* [The task]:
Could you give the entries again, exactly as written?

* [Entries taken from a collection]:

(* Let $\hat W^{\rm opt,narrow}$ be the optimal value of (P1) when all pairs are restricted to lie in $\mathcal M^{\rm narrow}$, and let $\hat W^{\rm narrow}$ be the value of the output of Algorithm IIa. Then $\hat W^{\rm narrow}\ge \hat W^{\rm opt,narrow}/(1+T+\Delta+2J)$.
   Context: Setup. Fix integers $K\ge1$, $N\ge1$, $T\ge1$, $J\ge0$, $\Delta\ge0$. Let $\{\mathcal G_1,\dots,\mathcal G_L\}$ be a partition of $\{1,\dots,K\}$. A chunk is a vector $c\in\{0,1\}^N$ whose ones form a nonempty contiguous block; ${\rm Tail}(c)$ is the largest index $i$ with $c(i)=1$; $i\in c$ means $c(i)=1$; chunks intersect if they share an index. Let $\mathcal U$ be the family of nonempty $U\subseteq\{1,\dots,K\}$ with $|U|\le T$ and $|U\cap\mathcal G_s|\le1$ for all $s$; pairs are elements of $\mathcal M=\mathcal U\times\mathcal C$. Given metrics $p(U,c)\ge0$, weights $\beta^q(U,c)\in[0,1]$ ($q=1,\dots,J$), and binary weights $\alpha^q(U,c)\in\{0,1\}$ ($q$ in a finite set $\mathcal I$) with $\sum_{q\in\mathcal I}\alpha^q(U,c)\le\Delta$ for every pair. A set $F$ of pairs is feasible if: each group meets $U$ for at most one $(U,c)\in F$; each index $i$ lies in $c$ for at most one $(U,c)\in F$; $\sum_F\beta^q\le1$ for all $q\le J$; $\sum_F\alpha^q\le1$ for all $q\in\mathcal I$. Problem (P1) maximizes $\sum_F p$ over feasible $F$. Pairs $(U,c),(U',c')$ conflict if some group meets both $U$ and $U'$, or $c,c'$ intersect, or some $q\in\mathcal I$ has $\alpha^q(U,c)=\alpha^q(U',c')=1$. $\mathcal M^{\rm narrow}=\{(U,c):\beta^q(U,c)\le1/2\ \forall q\le J\}$; $\max_{q\le J}\beta^q:=0$ if $J=0$. Algorithm IIa: set $p'=p$ on $\mathcal M^{\rm narrow}$ and an empty stack $S$. For $j=1,\dots,N$: let $(U^*,c^* )$ maximize $p'$ over pairs of $\mathcal M^{\rm narrow}$ with ${\rm Tail}(c)=j$; if $p'(U^*,c^* )>0$, set $\hat p=p'(U^*,c^* )$, push $(U^*,c^* )$ on $S$, and for every $(U,c)\in\mathcal M^{\rm narrow}$ with $p'(U,c)>0$ subtract $\hat p$ from $p'(U,c)$ if $(U,c)$ conflicts with $(U^*,c^* )$, and subtract $2\hat p\max_{q\le J}\beta^q(U,c)$ otherwise. Then, starting with $S'=\emptyset$, repeatedly pop the top of $S$ and add it to $S'$ if $S'$ together with it is feasible. Output $S'$ with value $\hat W^{\rm narrow}=\sum_{(U,c)\in S'}p(U,c)$. *)

theory Defs
  imports Complex_Main "HOL-Library.Disjoint_Sets"
begin

type_synonym pair = "nat set \<times> nat set"

text \<open>Chunks: nonempty contiguous blocks of ones in a 0/1 vector of length N,
  represented by their support set {a..b} with 1 <= a <= b <= N.\<close>
definition chunks :: "nat \<Rightarrow> nat set set" where
  "chunks N = {{a..b} | a b. 1 \<le> a \<and> a \<le> b \<and> b \<le> N}"

definition Tail :: "nat set \<Rightarrow> nat" where
  "Tail c = Max c"
lemma integrable_mult_of_square_integrable:
  fixes f g :: "'a \<Rightarrow> real"
  assumes [measurable]: "f \<in> borel_measurable M" "g \<in> borel_measurable M"
    and "integrable M (\<lambda>x. (f x)\<^sup>2)" "integrable M (\<lambda>x. (g x)\<^sup>2)"
  shows "integrable M (\<lambda>x. f x * g x)"
proof (rule Bochner_Integration.integrable_bound)
  show "integrable M (\<lambda>x. (f x)\<^sup>2 + (g x)\<^sup>2)" using assms(3,4) by (rule Bochner_Integration.integrable_add)
  show "AE x in M. norm (f x * g x) \<le> norm ((f x)\<^sup>2 + (g x)\<^sup>2)"
    by (intro AE_I2) (metis abs_mult_le_sum_squares real_norm_def abs_ge_self order_trans)
qed measurable

lemma square_integrable_add:
  fixes f g :: "'a \<Rightarrow> real"
  assumes [measurable]: "f \<in> borel_measurable M" "g \<in> borel_measurable M"
    and "integrable M (\<lambda>x. (f x)\<^sup>2)" "integrable M (\<lambda>x. (g x)\<^sup>2)"
  shows "integrable M (\<lambda>x. (f x + g x)\<^sup>2)"
proof (rule Bochner_Integration.integrable_bound)
  show "integrable M (\<lambda>x. 2 * ((f x)\<^sup>2 + (g x)\<^sup>2))" using assms(3,4) by simp
  show "AE x in M. norm ((f x + g x)\<^sup>2) \<le> norm (2 * ((f x)\<^sup>2 + (g x)\<^sup>2))"
    by (intro AE_I2) (metis real_norm_def square_add_le abs_ge_self order_trans zero_le_power2 abs_of_nonneg)
qed measurable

* [Problem solution]:
(* Let $\hat W^{\rm opt,narrow}$ be the optimal value of (P1) when all pairs are restricted to lie in $\mathcal M^{\rm narrow}$, and let $\hat W^{\rm narrow}$ be the value of the output of Algorithm IIa. Then $\hat W^{\rm narrow}\ge \hat W^{\rm opt,narrow}/(1+T+\Delta+2J)$.
   Context: Setup. Fix integers $K\ge1$, $N\ge1$, $T\ge1$, $J\ge0$, $\Delta\ge0$. Let $\{\mathcal G_1,\dots,\mathcal G_L\}$ be a partition of $\{1,\dots,K\}$. A chunk is a vector $c\in\{0,1\}^N$ whose ones form a nonempty contiguous block; ${\rm Tail}(c)$ is the largest index $i$ with $c(i)=1$; $i\in c$ means $c(i)=1$; chunks intersect if they share an index. Let $\mathcal U$ be the family of nonempty $U\subseteq\{1,\dots,K\}$ with $|U|\le T$ and $|U\cap\mathcal G_s|\le1$ for all $s$; pairs are elements of $\mathcal M=\mathcal U\times\mathcal C$. Given metrics $p(U,c)\ge0$, weights $\beta^q(U,c)\in[0,1]$ ($q=1,\dots,J$), and binary weights $\alpha^q(U,c)\in\{0,1\}$ ($q$ in a finite set $\mathcal I$) with $\sum_{q\in\mathcal I}\alpha^q(U,c)\le\Delta$ for every pair. A set $F$ of pairs is feasible if: each group meets $U$ for at most one $(U,c)\in F$; each index $i$ lies in $c$ for at most one $(U,c)\in F$; $\sum_F\beta^q\le1$ for all $q\le J$; $\sum_F\alpha^q\le1$ for all $q\in\mathcal I$. Problem (P1) maximizes $\sum_F p$ over feasible $F$. Pairs $(U,c),(U',c')$ conflict if some group meets both $U$ and $U'$, or $c,c'$ intersect, or some $q\in\mathcal I$ has $\alpha^q(U,c)=\alpha^q(U',c')=1$. $\mathcal M^{\rm narrow}=\{(U,c):\beta^q(U,c)\le1/2\ \forall q\le J\}$; $\max_{q\le J}\beta^q:=0$ if $J=0$. Algorithm IIa: set $p'=p$ on $\mathcal M^{\rm narrow}$ and an empty stack $S$. For $j=1,\dots,N$: let $(U^*,c^* )$ maximize $p'$ over pairs of $\mathcal M^{\rm narrow}$ with ${\rm Tail}(c)=j$; if $p'(U^*,c^* )>0$, set $\hat p=p'(U^*,c^* )$, push $(U^*,c^* )$ on $S$, and for every $(U,c)\in\mathcal M^{\rm narrow}$ with $p'(U,c)>0$ subtract $\hat p$ from $p'(U,c)$ if $(U,c)$ conflicts with $(U^*,c^* )$, and subtract $2\hat p\max_{q\le J}\beta^q(U,c)$ otherwise. Then, starting with $S'=\emptyset$, repeatedly pop the top of $S$ and add it to $S'$ if $S'$ together with it is feasible. Output $S'$ with value $\hat W^{\rm narrow}=\sum_{(U,c)\in S'}p(U,c)$. *)

theory Defs
  imports Complex_Main "HOL-Library.Disjoint_Sets"
begin

type_synonym pair = "nat set \<times> nat set"

text \<open>Chunks: nonempty contiguous blocks of ones in a 0/1 vector of length N,
  represented by their support set {a..b} with 1 <= a <= b <= N.\<close>
definition chunks :: "nat \<Rightarrow> nat set set" where
  "chunks N = {{a..b} | a b. 1 \<le> a \<and> a \<le> b \<and> b \<le> N}"

definition Tail :: "nat set \<Rightarrow> nat" where
  "Tail c = Max c"
lemma integrable_mult_of_square_integrable:
  fixes f g :: "'a \<Rightarrow> real"
  assumes [measurable]: "f \<in> borel_measurable M" "g \<in> borel_measurable M"
    and "integrable M (\<lambda>x. (f x)\<^sup>2)" "integrable M (\<lambda>x. (g x)\<^sup>2)"
  shows "integrable M (\<lambda>x. f x * g x)"
proof (rule Bochner_Integration.integrable_bound)
  show "integrable M (\<lambda>x. (f x)\<^sup>2 + (g x)\<^sup>2)" using assms(3,4) by (rule Bochner_Integration.integrable_add)
  show "AE x in M. norm (f x * g x) \<le> norm ((f x)\<^sup>2 + (g x)\<^sup>2)"
    by (intro AE_I2) (metis abs_mult_le_sum_squares real_norm_def abs_ge_self order_trans)
qed measurable

lemma square_integrable_add:
  fixes f g :: "'a \<Rightarrow> real"
  assumes [measurable]: "f \<in> borel_measurable M" "g \<in> borel_measurable M"
    and "integrable M (\<lambda>x. (f x)\<^sup>2)" "integrable M (\<lambda>x. (g x)\<^sup>2)"
  shows "integrable M (\<lambda>x. (f x + g x)\<^sup>2)"
proof (rule Bochner_Integration.integrable_bound)
  show "integrable M (\<lambda>x. 2 * ((f x)\<^sup>2 + (g x)\<^sup>2))" using assms(3,4) by simp
  show "AE x in M. norm ((f x + g x)\<^sup>2) \<le> norm (2 * ((f x)\<^sup>2 + (g x)\<^sup>2))"
    by (intro AE_I2) (metis real_norm_def square_add_le abs_ge_self order_trans zero_le_power2 abs_of_nonneg)
qed measurable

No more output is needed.